I don't even know where to begin. I'm in denial about what happened. I can't believe Kevin is dead. I had my suspicions all along about Ezekiel/Gadriel, but I was not prepared for what happened when it came time for Dean to tell "Sam" the truth. I was crying for Sam and I was crying for Dean. I thought for a second Sam could eject Gadriel and things would be okay (at least in SPN world). And then Gadreel said the line that hurt me so much I can't even type it. And Dean was left all alone with Kevin dead, crying. The one silver lining out of this episode was that Cas got his grace back. And I HOPE this is a good thing. I hate Metatron and therefore Heaven right now. At this point I'm asking myself why Sam even had to do the trials to shut down Hell in the first place. I'd take Hell over Heaven any day when it comes to Supernatural.
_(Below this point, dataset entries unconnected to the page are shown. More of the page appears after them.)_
definition family_points :: "'k::field \<Rightarrow> nat \<Rightarrow> ('k pt4 set \<times> 'k pt4 set) set" where
  "family_points \<alpha> i = (\<lambda>(a, b). (proj_class a, proj_class b)) ` L \<alpha> i"

definition listed_points :: "'k::field \<Rightarrow> ('k pt4 set \<times> 'k pt4 set) set" where
  "listed_points \<alpha> = (\<Union>i\<le>4. family_points \<alpha> i)"

lemma family_pointsI: "(a, b) \<in> L \<alpha> i \<Longrightarrow> (proj_class a, proj_class b) \<in> family_points \<alpha> i"
  unfolding family_points_def by force

lemma family_pointsE:
  assumes "(P, Q) \<in> family_points \<alpha> i"
  obtains a b where "(a, b) \<in> L \<alpha> i" "P = proj_class a" "Q = proj_class b"
  using assms unfolding family_points_def by auto

lemma Z_eq_fst_family_points: "Z \<alpha> i = fst ` family_points \<alpha> i"
  unfolding Z_def family_points_def image_image by (simp add: case_prod_beta')

lemma listed_pointsI:
  assumes "(a, b) \<in> L \<alpha> i" "i \<le> 4" "c \<noteq> 0" "d \<noteq> 0" "p = smul4 c a" "q = smul4 d b"
  shows "(proj_class p, proj_class q) \<in> listed_points \<alpha>"
  using assms family_pointsI[OF assms(1)] unfolding listed_points_def
  by (auto simp: proj_class_smul4)

lemma listed_pointsE:
  assumes "(P, Q) \<in> listed_points \<alpha>"
  obtains i a b where "(a, b) \<in> L \<alpha> i" "P = proj_class a" "Q = proj_class b"
  using assms unfolding listed_points_def by (auto elim: family_pointsE)

lemma L_family_i_memI:
  "l1^2 = -2*(1+\<alpha>) \<Longrightarrow> l3^2 = 2 \<Longrightarrow> (P4 l1 1 l3 1, P4 (-l1) 1 l3 1) \<in> L \<alpha> 1"
  by auto

lemma L_family_ii_memI:
  "l1^2 = -2*(1-\<alpha>) \<Longrightarrow> l3^2 = -2 \<Longrightarrow> (P4 l1 (-1) l3 1, P4 (-l1) (-1) l3 1) \<in> L \<alpha> 2"
  by (auto simp: numeral_eq_Suc)

lemma L_family_iii_memI:
  "l1^2 = -2 \<Longrightarrow> l2^2 = -1 \<Longrightarrow> (P4 l1 l2 0 1, P4 (-l1) (-l2) 0 1) \<in> L \<alpha> 3"
  by (auto simp: numeral_eq_Suc)

lemma L_family_iv_memI:
  "\<alpha>*l2^2 + 2*l2 + \<alpha> = 0 \<Longrightarrow> \<alpha>*l3^2 = -2*l2^2 \<Longrightarrow> (P4 0 l2 l3 1, P4 0 l2 l3 (l2^2)) \<in> L \<alpha> 4"
  by (auto simp: numeral_eq_Suc)

lemma L_memE:
  assumes "(a, b) \<in> L \<alpha> i"
  obtains (coordinate) "i = 0" "(a, b) \<in> L \<alpha> 0"
  | (family_i) l1 l3 where "i = 1" "a = P4 l1 1 l3 1" "b = P4 (-l1) 1 l3 1"
      "l1^2 = -2*(1+\<alpha>)" "l3^2 = 2"
  | (family_ii) l1 l3 where "i = 2" "a = P4 l1 (-1) l3 1" "b = P4 (-l1) (-1) l3 1"
      "l1^2 = -2*(1-\<alpha>)" "l3^2 = -2"
  | (family_iii) l1 l2 where "i = 3" "a = P4 l1 l2 0 1" "b = P4 (-l1) (-l2) 0 1"
      "l1^2 = -2" "l2^2 = -1"
  | (family_iv) l2 l3 where "i = 4" "a = P4 0 l2 l3 1" "b = P4 0 l2 l3 (l2^2)"
      "\<alpha>*l2^2 + 2*l2 + \<alpha> = 0" "\<alpha>*l3^2 = -2*l2^2"
  using assms by (cases "(\<alpha>, i)" rule: L.cases) (auto simp: numeral_eq_Suc intro: that)

lemma L_first_normalized:
  assumes "(a, b) \<in> L \<alpha> i"
  shows "a \<in> {P4 1 0 0 0, P4 0 1 0 0, P4 0 0 1 0} \<or> (\<exists>x y z. a = P4 x y z 1)"
  using assms by (cases rule: L_memE) auto

lemma L_first_scalar_multiple:
  assumes "(a, b) \<in> L \<alpha> i" "(a', b') \<in> L \<alpha> j" "c \<noteq> 0" "a' = smul4 c a"
  shows "a' = a"
  using L_first_normalized[OF assms(1)] L_first_normalized[OF assms(2)] assms(3,4)
  by auto

text \<open>The families are told apart by which of \<open>x\<^sub>1\<close>, \<open>x\<^sub>3\<close> vanish and by \<open>x\<^sub>2 = \<plusminus>1\<close>; the
  value is only meaningful on first coordinates of listed pairs.\<close>
definition family_index :: "'k::field pt4 \<Rightarrow> nat" where
  "family_index a =
    (if a \<in> {P4 1 0 0 0, P4 0 1 0 0, P4 0 0 1 0, P4 0 0 0 1} then 0
     else case a of P4 x y z _ \<Rightarrow> if x = 0 then 4 else if z = 0 then 3 else if y = 1 then 1 else 2)"

section \<open>Solving the relations\<close>

locale point_scheme =
  fixes \<alpha> :: "'k::field"
  assumes two_nonzero: "(2::'k) \<noteq> 0"
    and alpha_generic: "\<alpha> * (1 - \<alpha>^2) \<noteq> 0"
begin

lemma alpha_nonzero: "\<alpha> \<noteq> 0"
  using alpha_generic by auto

lemma alpha_sq_neq_one: "\<alpha>^2 \<noteq> 1"
  using alpha_generic by auto

lemma
  one_plus_alpha_nonzero: "1 + \<alpha> \<noteq> 0" and
  one_minus_alpha_nonzero: "1 - \<alpha> \<noteq> 0"
proof -
  have "(1 - \<alpha>) * (1 + \<alpha>) \<noteq> 0"
    using alpha_sq_neq_one by (simp add: algebra_simps power2_eq_square)
  then show "1 + \<alpha> \<noteq> 0" "1 - \<alpha> \<noteq> 0" by auto
qed

lemma four_nonzero: "(4::'k) \<noteq> 0"
  using two_nonzero mult_eq_0_iff[of "2::'k" 2] by simp

lemma one_neq_minus_one: "(1::'k) \<noteq> -1"
  using two_nonzero by (metis add.right_inverse one_add_one)

lemma self_eq_neg_iff: "x = -x \<longleftrightarrow> (x::'k) = 0"
  using two_nonzero by (metis add.inverse_neutral eq_neg_iff_add_eq_0 mult_2 mult_eq_0_iff)

lemma family_constants_nonzero:
  "-2*(1+\<alpha>) \<noteq> 0" "-2*(1-\<alpha>) \<noteq> 0" "(-2::'k) \<noteq> 0" "(-1::'k) \<noteq> 0"
  using two_nonzero one_plus_alpha_nonzero one_minus_alpha_nonzero
  by (simp_all only: mult_eq_0_iff neg_equal_0_iff_equal) simp_all

lemma square_roots_nonzero:
  "x^2 = -2*(1+\<alpha>) \<Longrightarrow> x \<noteq> 0" "x^2 = -2*(1-\<alpha>) \<Longrightarrow> x \<noteq> 0"
  "x^2 = 2 \<Longrightarrow> x \<noteq> 0" "x^2 = -2 \<Longrightarrow> x \<noteq> 0" "x^2 = -1 \<Longrightarrow> x \<noteq> 0"
proof -
  have nonzero_root: "x^2 = c \<Longrightarrow> c \<noteq> 0 \<Longrightarrow> x \<noteq> 0" for c :: 'k
    by auto
  with two_nonzero family_constants_nonzero show
    "x^2 = -2*(1+\<alpha>) \<Longrightarrow> x \<noteq> 0" "x^2 = -2*(1-\<alpha>) \<Longrightarrow> x \<noteq> 0"
    "x^2 = 2 \<Longrightarrow> x \<noteq> 0" "x^2 = -2 \<Longrightarrow> x \<noteq> 0" "x^2 = -1 \<Longrightarrow> x \<noteq> 0"
    by simp_all
qed

lemma family_iv_parameters:
  assumes "\<alpha>*l2^2 + 2*l2 + \<alpha> = 0" "\<alpha>*l3^2 = -2*l2^2"
  shows "l2 \<noteq> 0" "l3 \<noteq> 0" "l3^2 = l2 + l2^3" "l2^2 \<noteq> 1"
proof -
  show l2: "l2 \<noteq> 0" using assms(1) alpha_nonzero by auto
  show "l3 \<noteq> 0" using assms(2) l2 two_nonzero by auto
  have "\<alpha>*(l2 + l2^3) = \<alpha>*l3^2" using assms by algebra
  then show "l3^2 = l2 + l2^3" using alpha_nonzero by simp
  show "l2^2 \<noteq> 1"
  proof
    assume l2_sq: "l2^2 = 1"
    then have "2*(\<alpha> + l2) = 0" using assms(1) by algebra
    then have "\<alpha> + l2 = 0" using two_nonzero by (metis mult_eq_0_iff)
    then have "\<alpha>^2 = l2^2" by algebra
    then show False using alpha_sq_neq_one l2_sq by simp
  qed
qed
I cried during the episode, but mostly I think I was in shock. I was shaking. I felt sick to my stomach. I've never felt this emotionally attached to a show in my life. I care about these characters as if they were real. And it hurt, bad.


I need Sam Winchester. He is my inspiration, my light at the end of the tunnel. I don't know how I will deal with the anticipation and the aftermath. At least I know the rest of the fandom will suffering with me and we can comfort each other. Also when Supernatural returns it will be exactly two months until VegasCon...crazy.